Was married to a man who was very attractive and i got that a lot, but he was so utterly thick and clueless when it came to that sort of thing he never noticed or reciprocated, which i found funny.
Had a boyfriend years ago who used to lap it up whenever there were women talking to him. Would flirt mercilessly in front of my face. Made me feel dissed and insecure. We split up but stayed in touch over the years ( god knows why ) and he went on to get marrried 3 times and was selfish in all 3 relationships. They all left him. I had a narrow escape !!!!

LandladyofTheValley · 13/01/2026 15:25

I get it a lot. Most is good natures. Some isn't.
I trust DH. So they can flirt all they like.
I just see it as he's advancing in years and still as hot as he was when we met over 25 years ago.

It actually is amusing as he never realises.

HoseGoblin · 13/01/2026 15:29

I have to point it out to my husband. He's the most oblivious person I've ever met when it comes to people flirting with him, but they do quite often.

When we were very first talking before we'd even got together, I grabbed him and kissed him on a night out - he still wanted to have a conversation the next day as he was unsure if I really liked him. He's unbelievably incapable of reading flirtatious signals even when they're quite blatant. So it doesn't bother me when people flirt with him because I know he's got absolutely no idea anyway.

I'm not sure how I'd feel if he noticed and started flirting back though. Bit disrespectful.

SuperGoth · 13/01/2026 15:29

Just a word of warning to those who say their husband never notices when an attractive woman flirts with him.

An old friend of mine used to say that about her husband -, that he never noticed. She absolutely believed it.

I went out with him without her a few times and saw what she meant.

However, he most definitely did notice. He might not have acted on it but he definitely noticed.

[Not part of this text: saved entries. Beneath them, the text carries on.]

(* Let $(V,Y,\mathbf 1,\omega)$ be a vertex operator algebra. For $v\in V$ define $X(v,x)=Y(x^{L(0)}v,x)$ (so $X(v,x)=x^{\mathrm{wt}\,v}Y(v,x)$ for homogeneous $v$), and for $u\in V$ define Zhu's operator $Y[u,y]=Y(e^{yL(0)}u,\,e^{y}-1)$. Let $\delta(x)=\sum_{n\in\mathbb Z}x^n$ and let $$y_{21}=\log\Big(1-\frac{x_2}{x_1}\Big),\quad y_{12}=\log\Big(1-\frac{x_1}{x_2}\Big),\quad y_{01}=\log\Big(1-\frac{x_0}{x_1}\Big),$$ each understood as the formal series $\log(1-z)=-\sum_{k\ge1}z^k/k$. Then for all $u,v\in V$, $$x_0^{-1}\delta\Big(e^{y_{21}}\frac{x_1}{x_0}\Big)X(u,x_1)X(v,x_2)-x_0^{-1}\delta\Big(-e^{y_{12}}\frac{x_2}{x_0}\Big)X(v,x_2)X(u,x_1)=x_2^{-1}\delta\Big(e^{y_{01}}\frac{x_1}{x_2}\Big)X\big(Y[u,-y_{01}]v,\,x_2\big).$$
   Context: A vertex operator algebra $(V,Y,\mathbf 1,\omega)$ over $\mathbb C$ is a $\mathbb Z$-graded vector space $V=\coprod_{n\in\mathbb Z}V_{(n)}$ (for $v\in V_{(n)}$, $\mathrm{wt}\,v=n$) with $\dim V_{(n)}<\infty$ and $V_{(n)}=0$ for $n$ sufficiently small, equipped with a linear map $v\mapsto Y(v,x)=\sum_{n\in\mathbb Z}v_nx^{-n-1}\in(\mathrm{End}\,V)[[x,x^{-1}]]$ and vectors $\mathbf 1\in V_{(0)}$, $\omega\in V_{(2)}$, such that for $u,v\in V$: $u_nv=0$ for $n$ sufficiently large; $Y(\mathbf 1,x)=1$; $Y(v,x)\mathbf 1\in V[[x]]$ with constant term $v$; the Jacobi identity $x_0^{-1}\delta\big(\frac{x_1-x_2}{x_0}\big)Y(u,x_1)Y(v,x_2)-x_0^{-1}\delta\big(\frac{x_2-x_1}{-x_0}\big)Y(v,x_2)Y(u,x_1)=x_2^{-1}\delta\big(\frac{x_1-x_0}{x_2}\big)Y(Y(u,x_0)v,x_2)$ holds, where binomial expressions are expanded in nonnegative powers of the second variable; writing $Y(\omega,x)=\sum_n L(n)x^{-n-2}$, the operators $L(n)$ satisfy $[L(m),L(n)]=(m-n)L(m+n)+\frac1{12}(m^3-m)\delta_{m+n,0}c$ for a constant $c\in\mathbb C$ (the rank); $L(0)v=(\mathrm{wt}\,v)v$ for homogeneous $v$; and $\frac{d}{dx}Y(v,x)=Y(L(-1)v,x)$. Here all variables $x_0,x_1,x_2,y$ are commuting formal variables; $e^{y}$ and $e^{yL(0)}$ are formal exponential series; $Y(\cdot,x_2)$ and $X(\cdot,x_2)$ are extended linearly to formal series with coefficients in $V$; and expressions such as $e^{y_{21}}$, $e^{-y_{01}}$ are the corresponding formal series (e.g. $e^{y_{21}}=1-x_2/x_1$). *)

theory Defs
  imports Complex_Main "HOL-Library.Groups_Big_Fun"
    "HOL-Computational_Algebra.Formal_Laurent_Series"
begin

unbundle fps_syntax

MrsIcandothis · 13/01/2026 15:30

InterestedDad37 · 13/01/2026 12:20

Even if your love is king, and you try to hang onto your love, the sweetest taboo is no ordinary love, and it's never as good as the first time 😀🎶

You win! 100%

seaelephant · 13/01/2026 15:30

My partner is drop dead gorgeous and gets flirted with by women (and men!) all the time. I enjoy having a laugh about it with him after, it only bothers me when there’s been instances of women getting handsy - it baffles me that some women think they can get away with non-consensually groping a man just because he’s a man.

UniquePinkSwan · 13/01/2026 15:31

Just because they were talking doesn’t mean they were flirting.